Inhibition of cPLA2α expression had no effect on PAO1-induced PMN transepithelial migration or PAO1-induced secretion of lipid-based PMN chemoattractants. A: A549 monolayers transfected with vector containing irrelevant sequences (control) or with vector containing sequence specifically inhibitory towards cPLA2α (ΔcPLA2α) demonstrated no significant difference when comparing quantity of PMNs migrating across. B: lipids extracted from the supernatants of A549 cells with PAO1 infection (□) possessed significantly more PMN chemoactivity than A549 cell supernatants in the absence of infection (■). C: lipids extracted from the supernatants of PAO1-infected A549 cells transfected with vector containing irrelevant sequences (■) possessed an equivalent amount of PMN chemoactivity when compared with PAO1-infected A549 cells transfected with vector containing sequence specifically inhibitory towards cPLA2α (□). *P < 0.05, statistically significant increase compared with HBSS control using the Student's t-test. Each data point represents an average of at least 3 separate wells. Each above experiment was performed on at least 3 separate occasions yielding similar results.

Neither the cPLA2α-isoform-specific inhibitor, nor the A549-transfected cell line with reduced cPLA2α expression, displayed any effects on PAO1-induced PMN transepithelial migration, suggesting that the cPLA2α isoform is dispensable for PAO1-induced generation of HXA3. We therefore investigated whether there were any quantitative differences in the amount of lipid-based PMN chemoactivity produced by PAO1-infected A549-transfected control epithelial cells vs. PAO1-infected A549-transfected cells with reduced cPLA2α expression. The amount of PMN chemoattractant activity produced in response to PAO1 infection was in fact strikingly similar between the transfected A549 cells, indicating that cPLA2α has no impact on the amount of lipid-based chemoattractant that is produced by PAO1-infected A549 cells (Fig. 5C). Thus, although PLA2 activity is required for synthesis of HXA3 and subsequent facilitation of PMN transmigration, evidence strongly suggests that PLA2 isoform(s) distinct from cPLA2α are responsible for the generation of HXA3. Despite this finding with regard to HXA3 synthesis, it remains clear that cPLA2α is required for the synthesis of PGE2.

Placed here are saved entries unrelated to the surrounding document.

(* Let $n,d\in\mathbb{N}$ with $1\le d$ and $d+1\le n$, and let $\mathbf{X}=\{\mathbf{x}_1,\dots,\mathbf{x}_m\}\subseteq\mathbb{B}^n\setminus\{\mathbf{0}\}$ be any dataset of nonzero boolean vectors. Let $\tilde{\mathbf{K}}^{(d)}$ and $\tilde{\mathbf{K}}^{(d+1)}$ be the $m\times m$ matrices with entries $\tilde\kappa_\vee^d(\mathbf{x}_i,\mathbf{x}_j)$ and $\tilde\kappa_\vee^{d+1}(\mathbf{x}_i,\mathbf{x}_j)$. Then $\tilde\kappa_\vee^d(\mathbf{x}_i,\mathbf{x}_j)^2\le\tilde\kappa_\vee^{d+1}(\mathbf{x}_i,\mathbf{x}_j)^2$ for all $i,j$, and consequently $\mathcal{C}(\tilde{\mathbf{K}}^{(d)})\ge\mathcal{C}(\tilde{\mathbf{K}}^{(d+1)})$. In other words, $\tilde\kappa_\vee^{d+1}$ is more general than $\tilde\kappa_\vee^d$.
   Context: $\mathbb{B}=\{0,1\}$. $H:\mathbb{R}\to\mathbb{B}$ is the Heaviside function, $H(t)=1$ if $t>0$ and $0$ otherwise. Let $\mathbb{B}_d=\{\mathbf{b}\in\mathbb{B}^n:\|\mathbf{b}\|_1=d\}$. The Disjunctive kernel (D-Kernel) of arity $d$ is $\kappa_\vee^d(\mathbf{x},\mathbf{z})=\langle\phi_\vee^d(\mathbf{x}),\phi_\vee^d(\mathbf{z})\rangle$ where $\phi_\vee^d(\mathbf{x})=(H(\langle\mathbf{x},\mathbf{b}\rangle))_{\mathbf{b}\in\mathbb{B}_d}$ (each feature is the disjunction of the $d$ variables selected by $\mathbf{b}$). Equivalently, writing $|\mathbf{x}|=\langle\mathbf{x},\mathbf{x}\rangle$ for the number of ones, $\kappa_\vee^d(\mathbf{x},\mathbf{z})=\binom{n}{d}-\binom{n-|\mathbf{x}|}{d}-\binom{n-|\mathbf{z}|}{d}+\binom{n-|\mathbf{x}|-|\mathbf{z}|+\langle\mathbf{x},\mathbf{z}\rangle}{d}$. For a kernel $\kappa$, its normalized version is $\tilde\kappa(\mathbf{x},\mathbf{z})=\kappa(\mathbf{x},\mathbf{z})/\sqrt{\kappa(\mathbf{x},\mathbf{x})\kappa(\mathbf{z},\mathbf{z})}$. The spectral ratio of a positive semidefinite matrix $\mathbf{K}\in\mathbb{R}^{m\times m}$ is $\mathcal{C}(\mathbf{K})=\sum_i\mathbf{K}_{ii}/\sqrt{\sum_{i,j}\mathbf{K}_{ij}^2}$. A kernel $\kappa_1$ is said to be more general than $\kappa_2$ if $\mathcal{C}(\mathbf{K}^{(1)}_{\mathbf{X}})\le\mathcal{C}(\mathbf{K}^{(2)}_{\mathbf{X}})$ for the kernel matrices on the datasets under consideration. *)

theory Defs
  imports Complex_Main
begin

definition boolvec :: "nat \<Rightarrow> (nat \<Rightarrow> nat) \<Rightarrow> bool" where
  "boolvec n x \<longleftrightarrow> (\<forall>i<n. x i \<in> {0,1}) \<and> (\<forall>i\<ge>n. x i = 0)"

definition ip :: "nat \<Rightarrow> (nat \<Rightarrow> nat) \<Rightarrow> (nat \<Rightarrow> nat) \<Rightarrow> nat" where
  "ip n x z = (\<Sum>i<n. x i * z i)"

definition heaviside :: "real \<Rightarrow> real" where
  "heaviside t = (if t > 0 then 1 else 0)"

definition Bd :: "nat \<Rightarrow> nat \<Rightarrow> (nat \<Rightarrow> nat) set" where
  "Bd n d = {b. boolvec n b \<and> (\<Sum>i<n. b i) = d}"

text \<open>Disjunctive kernel via its feature map.\<close>
definition dkernel :: "nat \<Rightarrow> nat \<Rightarrow> (nat \<Rightarrow> nat) \<Rightarrow> (nat \<Rightarrow> nat) \<Rightarrow> real" where
  "dkernel n d x z = (\<Sum>b\<in>Bd n d. heaviside (real (ip n x b)) * heaviside (real (ip n z b)))"

definition normalize_kernel ::
  "(('a \<Rightarrow> 'a \<Rightarrow> real)) \<Rightarrow> 'a \<Rightarrow> 'a \<Rightarrow> real" where
  "normalize_kernel k x z = k x z / sqrt (k x x * k z z)"

definition spectral_ratio :: "nat \<Rightarrow> (nat \<Rightarrow> nat \<Rightarrow> real) \<Rightarrow> real" where
  "spectral_ratio m K = (\<Sum>i<m. K i i) / sqrt (\<Sum>i<m. \<Sum>j<m. (K i j)\<^sup>2)"

end

theory Submission
  imports Defs "HOL-Library.Indicator_Function"
begin

text \<open>Let \<open>a\<close>, \<open>b\<close>, \<open>u\<close> be the numbers of ones of \<open>x\<close>, \<open>z\<close> and \<open>x \<or> z\<close>. By
  inclusion-exclusion over the features, \<open>\<kappa>\<^sup>d(x, z) = h\<^sub>d(a) + h\<^sub>d(b) - h\<^sub>d(u)\<close>, where
  \<open>h\<^sub>d(k) = C(n, d) - C(n - k, d)\<close>. The ratio \<open>h\<^sub>d\<^sub>+\<^sub>1(k) / h\<^sub>d(k)\<close> is nonincreasing in \<open>k\<close>,
  so passing from \<open>d\<close> to \<open>d + 1\<close> rescales \<open>h(u)\<close> by a smaller factor than \<open>h(a)\<close> and
  \<open>h(b)\<close>; comparing all three factors with the geometric mean of the last two shows that
  the normalized kernel \<open>(h(a) + h(b) - h(u)) / \<surd>(h(a) h(b))\<close> can only grow. The normalized
  kernels are nonnegative with unit diagonal, so the entrywise squares grow while the trace
  stays \<open>m\<close>, and the spectral ratio decreases.\<close>

definition ones :: "nat \<Rightarrow> (nat \<Rightarrow> nat) \<Rightarrow> nat set" where
  "ones n x = {i. i < n \<and> x i = 1}"

lemma ones_subset: "ones n x \<subseteq> {..<n}"
  unfolding ones_def by auto

lemma finite_ones [simp]: "finite (ones n x)"
  using finite_subset[OF ones_subset] by blast

lemma boolvec_eq_indicator_ones:
  assumes "boolvec n b"
  shows "b = indicator (ones n b)"
  using assms unfolding boolvec_def ones_def indicator_def
  by (auto simp: fun_eq_iff) (metis not_le)

lemma boolvec_indicator:
  assumes "S \<subseteq> {..<n}"
  shows "boolvec n (indicator S)"
  using assms unfolding boolvec_def by (auto simp: indicator_def)

lemma sum_indicator_lessThan:
  fixes n :: nat
  assumes "S \<subseteq> {..<n}"
  shows "(\<Sum>i<n. indicator S i :: nat) = card S"
  using sum_indicator_eq_card[of "{..<n}" S] assms by (simp add: Int_absorb1)

lemma inj_indicator: "inj (indicator :: 'a set \<Rightarrow> 'a \<Rightarrow> nat)"
  by (rule injI) (metis indicator_eq_1_iff subsetI subset_antisym)
lemma has_real_derivative_Hconj_pos:
  assumes adm: "admissible_germ \<delta> g g' g''" and x: "x \<in> {0<..<exp (- 1 / \<delta>)}"
  shows "(Hconj g has_real_derivative Hconj_deriv g'' x) (at x)"
proof -
  have "\<delta> > 0" using adm by (simp add: admissible_germ_def)
  define y where "y = hmap x"
  note x_y = hmap_mem_greaterThanLessThan[OF \<open>\<delta> > 0\<close> x, folded y_def]
  then have y: "y \<in> {0..<\<delta>}" by simp
  define G where "G = 1 + y * taylor_rem2 g'' y"
  have "G > 0" using admissible_germ_factor_pos[OF adm y] by (simp add: G_def)
  have g: "g y = y * G" and g': "g' y = 1 + y * taylor_rem1 g'' y"
    using admissible_germ_expansion[OF adm y] by (simp_all add: G_def)
  have "at y within {0..<\<delta>} = at y"
    using x_y(2) by (intro at_within_interior) auto
  moreover have "(g has_real_derivative g' y) (at y within {0..<\<delta>})"
    using adm y by (simp add: admissible_germ_def)
  ultimately have "(g has_real_derivative g' y) (at y)"
    by simp
  then have "((\<lambda>z. g (hmap z)) has_real_derivative g' y * (y\<^sup>2 / x)) (at x)"
    using DERIV_chain2[OF _ has_real_derivative_hmap] x x_y(1) by (simp add: y_def)
  from DERIV_fun_exp[OF DERIV_minus[OF DERIV_inverse_fun[OF this]]]
  have "((\<lambda>z. hinv (g (hmap z))) has_real_derivative
      hinv (g y) * (g' y * (y\<^sup>2 / x) / (g y)\<^sup>2)) (at x)"
    using x_y(2) \<open>G > 0\<close> g by (simp add: hinv_def y_def inverse_eq_divide power2_eq_square)
  moreover have "hinv (g y) * (g' y * (y\<^sup>2 / x) / (g y)\<^sup>2) = Hconj_deriv g'' x"
    using Hconj_eq_mult[OF adm x] x x_y(2) \<open>G > 0\<close>
    by (simp add: Hconj_def Hconj_deriv_def conj_slope_def g g' y_def[symmetric] G_def[symmetric]
        field_simps power2_eq_square)
  ultimately have "((\<lambda>z. hinv (g (hmap z))) has_real_derivative Hconj_deriv g'' x) (at x)"
    by simp
  then show ?thesis
    by (rule has_field_derivative_transform_within_open[where S = "{0<..<1}"])
       (use x x_y(1) in \<open>auto simp: Hconj_def\<close>)
qed

lemma has_real_derivative_Hconj:
  assumes adm: "admissible_germ \<delta> g g' g''" and x: "x \<in> {0..<exp (- 1 / \<delta>)}"
  shows "(Hconj g has_real_derivative Hconj_deriv g'' x) (at x within {0..<exp (- 1 / \<delta>)})"
proof (cases "x = 0")
  case True
  have "\<delta> > 0" using adm by (simp add: admissible_germ_def)
  define K where "K x = exp (taylor_rem2 g'' (hmap x) / (1 + hmap x * taylor_rem2 g'' (hmap x)))" for x
  have "continuous_on {0..<exp (- 1 / \<delta>)} K"
    unfolding K_def by (rule continuous_on_compose_hmap[OF \<open>\<delta> > 0\<close> continuous_on_conj_slope(2)[OF adm]])
  then have "continuous (at 0 within {0..<exp (- 1 / \<delta>)}) K"
    by (simp add: continuous_on_eq_continuous_within)
  then have "(Hconj g has_real_derivative K 0) (at 0 within {0..<exp (- 1 / \<delta>)})"
  proof (rule has_real_derivative_at_0_of_eq_mult[rotated 2])
    show "Hconj g z = z * K z" if "z \<in> {0..<exp (- 1 / \<delta>)}" "z \<noteq> 0" for z
      using Hconj_eq_mult[OF adm] that by (simp add: K_def)
  qed (simp add: Hconj_def)
  moreover have "K 0 = Hconj_deriv g'' 0"
    by (simp add: K_def Hconj_deriv_def conj_slope_def)
  ultimately show ?thesis
    using True by simp
next
  case False
  with x have "x \<in> {0<..<exp (- 1 / \<delta>)}" by simp
  then show ?thesis
    by (rule has_field_derivative_at_within[OF has_real_derivative_Hconj_pos[OF adm]])
qed

definition conj_slope_dparam :: "real \<Rightarrow> real \<Rightarrow> real \<Rightarrow> real \<Rightarrow> real \<Rightarrow> real" where
  "conj_slope_dparam y q p q' p' =
     exp (q / (1 + y * q)) / (1 + y * q)\<^sup>2 *
       ((1 + y * p) * q' / (1 + y * q)\<^sup>2 + y * p' - 2 * y * q' * (1 + y * p) / (1 + y * q))"

lemma has_real_derivative_conj_slope:
  assumes q: "(q has_real_derivative q') (at e)" and p: "(p has_real_derivative p') (at e)"
    and "1 + y * q e \<noteq> 0"
  shows "((\<lambda>e. conj_slope y (q e) (p e)) has_real_derivative
      conj_slope_dparam y (q e) (p e) q' p') (at e)"
proof -
  define G where "G = 1 + y * q e"
  have "G \<noteq> 0" using assms(3) by (simp add: G_def)
  have "((\<lambda>e. q e / (1 + y * q e)) has_real_derivative (q' * G - q e * (y * q')) / (G * G)) (at e)"
    using assms(3) unfolding G_def by (auto intro!: derivative_eq_intros q)
  moreover have "q' * G - q e * (y * q') = q'"
    by (simp add: G_def algebra_simps)
  ultimately have "((\<lambda>e. q e / (1 + y * q e)) has_real_derivative q' / G\<^sup>2) (at e)"
    by (simp add: power2_eq_square)
  then show ?thesis
    unfolding conj_slope_def
  proof (rule DERIV_cong[OF DERIV_divide[OF DERIV_mult[OF DERIV_fun_exp
        DERIV_add[OF DERIV_const[of 1] DERIV_cmult[OF p, of y]]]
        DERIV_power[OF DERIV_add[OF DERIV_const[of 1] DERIV_cmult[OF q, of y]], of 2]]])
    show "(1 + y * q e)\<^sup>2 \<noteq> 0" using assms(3) by simp
  qed (use \<open>G \<noteq> 0\<close> in \<open>simp add: conj_slope_dparam_def G_def[symmetric] field_simps power2_eq_square\<close>)
qed
(* Let $d_1\ge\cdots\ge d_n\ge1$ be integers, $\xi$ as in the context, and suppose that $d_h=\Omega(\sqrt{M_1})$ and $d_{h+1}=O(\sqrt{M_1})$ for some $1\le h\le n-1$. Put $H_k=\sum_{i\le h}[d_i]_k$ and $L_k=M_k-H_k$. Then (a) $\xi=O\left(\frac{H_1H_2^2+M_2M_3}{M_1^3}+\frac{L_2M_2M_3}{M_1^4}+\frac{L_2L_3H_4}{M_1^5}\right)$; (b) if moreover $L_2=\Omega(M_1)$, then $\xi=O\left(\frac{H_1H_2^2}{M_1^3}+\frac{L_2M_2M_3}{M_1^4}+\frac{L_2L_3H_4}{M_1^5}\right)$.
   Context: For an integer $k\ge1$, $[x]_k=x(x-1)\cdots(x-k+1)$ and $M_k=\sum_{i=1}^n[d_i]_k$. Define $U_1=\sum_{v}(d_v-2)\min\{[d_v]_2/M_1,1\}$; $U_2=\sum_{u<v}\min\{[d_u]_2[d_v]_2/M_1^2,d_ud_v/M_1\}$; $U_3=\sum_{i\ne j}\sum_{w}\min\{[d_i]_2[d_j]_2/M_1^2,d_id_j/M_1\}\min\{[d_i-2]_2[d_w]_2/M_1^2,1\}(d_w-2)$; $U_4=\sum_{i\ne j}\min\{[d_i]_3[d_j]_2/M_1^2,[d_i]_2d_j/M_1\}$; $U_5=\sum_{i\ne j}\sum_{w}\min\{d_i[d_j]_2/M_1^2,d_j/M_1\}\min\{[d_i-2]_2[d_w]_2/M_1^2,(d_i-2)d_w/M_1\}$; $\xi=U_5+\frac{U_1+U_2^2+U_3}{M_1}+\frac{U_4M_2}{M_1^2}+\frac{U_2M_2^2}{M_1^3}+\frac{M_2}{M_1^2}+\frac{M_3M_2}{M_1^3}+\frac{M_2^3}{M_1^4}$ (vertex indices range over $\{1,\ldots,n\}$). The $O$ constants in the conclusion depend only on the implied constants in the hypotheses. *)

theory Defs
  imports Complex_Main
begin

text \<open>Falling factorial [x]_k = x(x-1)...(x-k+1), over the reals (arguments may be negative,
  e.g. [d_i - 2]_2 with d_i = 1).\<close>
definition ff :: "real \<Rightarrow> nat \<Rightarrow> real" where
  "ff x k = (\<Prod>j<k. x - real j)"

text \<open>Degree sequence d indexed by vertices 1..n.\<close>
definition Mk :: "nat \<Rightarrow> nat \<Rightarrow> (nat \<Rightarrow> nat) \<Rightarrow> real" where
  "Mk k n d = (\<Sum>i\<in>{1..n}. ff (real (d i)) k)"

definition U1 :: "nat \<Rightarrow> (nat \<Rightarrow> nat) \<Rightarrow> real" where
  "U1 n d = (let M1 = Mk 1 n d in
     \<Sum>v\<in>{1..n}. (real (d v) - 2) * min (ff (d v) 2 / M1) 1)"

definition U2 :: "nat \<Rightarrow> (nat \<Rightarrow> nat) \<Rightarrow> real" where
  "U2 n d = (let M1 = Mk 1 n d in
     \<Sum>(u,v)\<in>{(u,v). u \<in> {1..n} \<and> v \<in> {1..n} \<and> u < v}.
        min (ff (d u) 2 * ff (d v) 2 / M1^2) (real (d u) * real (d v) / M1))"

definition U3 :: "nat \<Rightarrow> (nat \<Rightarrow> nat) \<Rightarrow> real" where
  "U3 n d = (let M1 = Mk 1 n d in
     \<Sum>(i,j)\<in>{(i,j). i \<in> {1..n} \<and> j \<in> {1..n} \<and> i \<noteq> j}. \<Sum>w\<in>{1..n}.
        min (ff (d i) 2 * ff (d j) 2 / M1^2) (real (d i) * real (d j) / M1)
        * min (ff (real (d i) - 2) 2 * ff (d w) 2 / M1^2) 1 * (real (d w) - 2))"

definition U4 :: "nat \<Rightarrow> (nat \<Rightarrow> nat) \<Rightarrow> real" where
  "U4 n d = (let M1 = Mk 1 n d in
     \<Sum>(i,j)\<in>{(i,j). i \<in> {1..n} \<and> j \<in> {1..n} \<and> i \<noteq> j}.
        min (ff (d i) 3 * ff (d j) 2 / M1^2) (ff (d i) 2 * real (d j) / M1))"

definition U5 :: "nat \<Rightarrow> (nat \<Rightarrow> nat) \<Rightarrow> real" where
  "U5 n d = (let M1 = Mk 1 n d in
     \<Sum>(i,j)\<in>{(i,j). i \<in> {1..n} \<and> j \<in> {1..n} \<and> i \<noteq> j}. \<Sum>w\<in>{1..n}.
        min (real (d i) * ff (d j) 2 / M1^2) (real (d j) / M1)
        * min (ff (real (d i) - 2) 2 * ff (d w) 2 / M1^2) ((real (d i) - 2) * real (d w) / M1))"

definition xi :: "nat \<Rightarrow> (nat \<Rightarrow> nat) \<Rightarrow> real" where
  "xi n d = (let M1 = Mk 1 n d; M2 = Mk 2 n d; M3 = Mk 3 n d in
     U5 n d + (U1 n d + (U2 n d)^2 + U3 n d) / M1 + U4 n d * M2 / M1^2
     + U2 n d * M2^2 / M1^3 + M2 / M1^2 + M3 * M2 / M1^3 + M2^3 / M1^4)"

definition Hk :: "nat \<Rightarrow> nat \<Rightarrow> (nat \<Rightarrow> nat) \<Rightarrow> real" where
  "Hk k h d = (\<Sum>i\<in>{1..h}. ff (real (d i)) k)"

definition Lk :: "nat \<Rightarrow> nat \<Rightarrow> nat \<Rightarrow> (nat \<Rightarrow> nat) \<Rightarrow> real" where
  "Lk k h n d = Mk k n d - Hk k h d"

definition admissible :: "real \<Rightarrow> real \<Rightarrow> nat \<Rightarrow> nat \<Rightarrow> (nat \<Rightarrow> nat) \<Rightarrow> bool" where
  "admissible c1 c2 n h d \<longleftrightarrow>
     (\<forall>i\<in>{1..n}. d i \<ge> 1) \<and> (\<forall>i j. 1 \<le> i \<longrightarrow> i \<le> j \<longrightarrow> j \<le> n \<longrightarrow> d j \<le> d i) \<and>
     1 \<le> h \<and> h \<le> n - 1 \<and>
     real (d h) \<ge> c1 * sqrt (Mk 1 n d) \<and> real (d (h+1)) \<le> c2 * sqrt (Mk 1 n d)"

end

theory Submission
  imports Defs
begin

text \<open>Call the first \<open>h\<close> vertices high and the others low. Every minimum in \<open>U\<^sub>1, \<dots>, U\<^sub>5\<close>
  is bounded by one of its two arguments, chosen according to which of the vertices involved are
  high, in such a way that the bound is a product of one factor per vertex. The sums then factor into
  the moments \<open>H\<^sub>k, L\<^sub>k, M\<^sub>k\<close>, giving \<open>\<xi> \<le> P / M\<^sub>1\<^sup>5\<close> for a polynomial \<open>P\<close> with
  nonnegative coefficients in \<open>M\<^sub>1, H\<^sub>1, \<dots>, H\<^sub>4, L\<^sub>2, L\<^sub>3, L\<^sub>4\<close>.

  If \<open>c\<^sub>1 \<surd>M\<^sub>1 \<ge> 4\<close>, a high degree \<open>x\<close> satisfies \<open>[x]\<^sub>2 \<ge> (3/4) c\<^sub>1 \<surd>M\<^sub>1 x\<close> and
  \<open>[x]\<^sub>3 \<ge> (c\<^sub>1/2) \<surd>M\<^sub>1 [x]\<^sub>2\<close>, while low degrees are \<open>O(\<surd>M\<^sub>1)\<close>; together with the
  Cauchy--Schwarz inequality \<open>M\<^sub>2\<^sup>2 \<le> M\<^sub>1 (M\<^sub>3 + M\<^sub>2)\<close> this absorbs every monomial of \<open>P\<close> into
  the claimed bound. If \<open>c\<^sub>1 \<surd>M\<^sub>1 < 4\<close>, then \<open>M\<^sub>1\<close> is bounded, hence so is \<open>P\<close>, while the
  claimed bound is at least \<open>H\<^sub>1 H\<^sub>2\<^sup>2 / M\<^sub>1\<^sup>3\<close>, which is bounded below unless all degrees are 1, and
  then \<open>\<xi> = 0\<close>. Part (b) follows because \<open>L\<^sub>2 \<ge> c\<^sub>3 M\<^sub>1\<close> gives
  \<open>M\<^sub>2 M\<^sub>3 / M\<^sub>1\<^sup>3 \<le> L\<^sub>2 M\<^sub>2 M\<^sub>3 / (c\<^sub>3 M\<^sub>1\<^sup>4)\<close>.\<close>

section \<open>Falling factorials\<close>

lemma ff_1 [simp]: "ff x 1 = x" "ff x (Suc 0) = x"
  by (simp_all add: ff_def)

lemma ff_2: "ff x 2 = x * (x - 1)"
  by (simp add: ff_def numeral_2_eq_2)

lemma ff_3: "ff x 3 = x * (x - 1) * (x - 2)"
  by (simp add: ff_def eval_nat_numeral algebra_simps)

lemma ff_4: "ff x 4 = x * (x - 1) * (x - 2) * (x - 3)"
  by (simp add: ff_def eval_nat_numeral algebra_simps)

lemma ff_of_nat_eq_0: "p < k \<Longrightarrow> ff (real p) k = 0"
  unfolding ff_def by (rule prod_zero) auto

lemma ff_of_nat_nonneg: "0 \<le> ff (real p) k"
proof (cases "p < k")
  case False
  then show ?thesis
    unfolding ff_def by (intro prod_nonneg) auto
qed (simp add: ff_of_nat_eq_0)

lemma ff_of_nat_le_power: "ff (real p) k \<le> real p ^ k"
proof (cases "p < k")
  case False
  then have "(\<Prod>j<k. real p - real j) \<le> (\<Prod>j<k. real p)"
    by (intro prod_mono) auto
  then show ?thesis
    unfolding ff_def by simp
qed (simp add: ff_of_nat_eq_0)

Next, we investigated whether cPLA2α-suppressed lung epithelial cells remain capable of producing increased amounts of HXA3 in response to infection with PAO1. As demonstrated previously, PAO1 induces the release of HXA3 from A549 cells (13). Based on our observations with regard to a lack of an affect on PMN movement in response to pretreatment with the cPLA2α-specific inhibitor or employment of cPLA2α-suppressed cells, we hypothesize that PAO1-induced HXA3 release in the context of cPLA2α suppression will not be affected. The ΔcPLA2α A549 cells were treated with and without PAO1 for 1 h. Cells were then washed and replaced with buffer (HBSS) for 2 h. Conditioned supernatant from ΔcPLA2α A549 cells was collected, and the lipid fraction was extracted for LC/MS/MS-based analysis to quantify HXA3. We measured (2.8 pg ± 3.1) in the lipid extracted supernatants of uninfected ΔcPLA2α A549 cells, whereas (15.5 pg ± 5.1) was recovered in PAO1-infected ΔcPLA2α A549 cells. Data represent a compilation of two separate experiments, and each data point was performed in duplicate (P < 0.05). Thus PAO1 retains the ability to induce a significant increase (>5-fold) in production of the eicosanoid HXA3, despite lack of cPLA2α expression. Consistent with our experiments quantifying PGE2 by EIA displayed in Fig. 4C, PAO1 is unable to cause a significant increase in PGE2 production in the context of cPLA2α suppression when assessed by LC/MS/MS-based quantification (data not shown).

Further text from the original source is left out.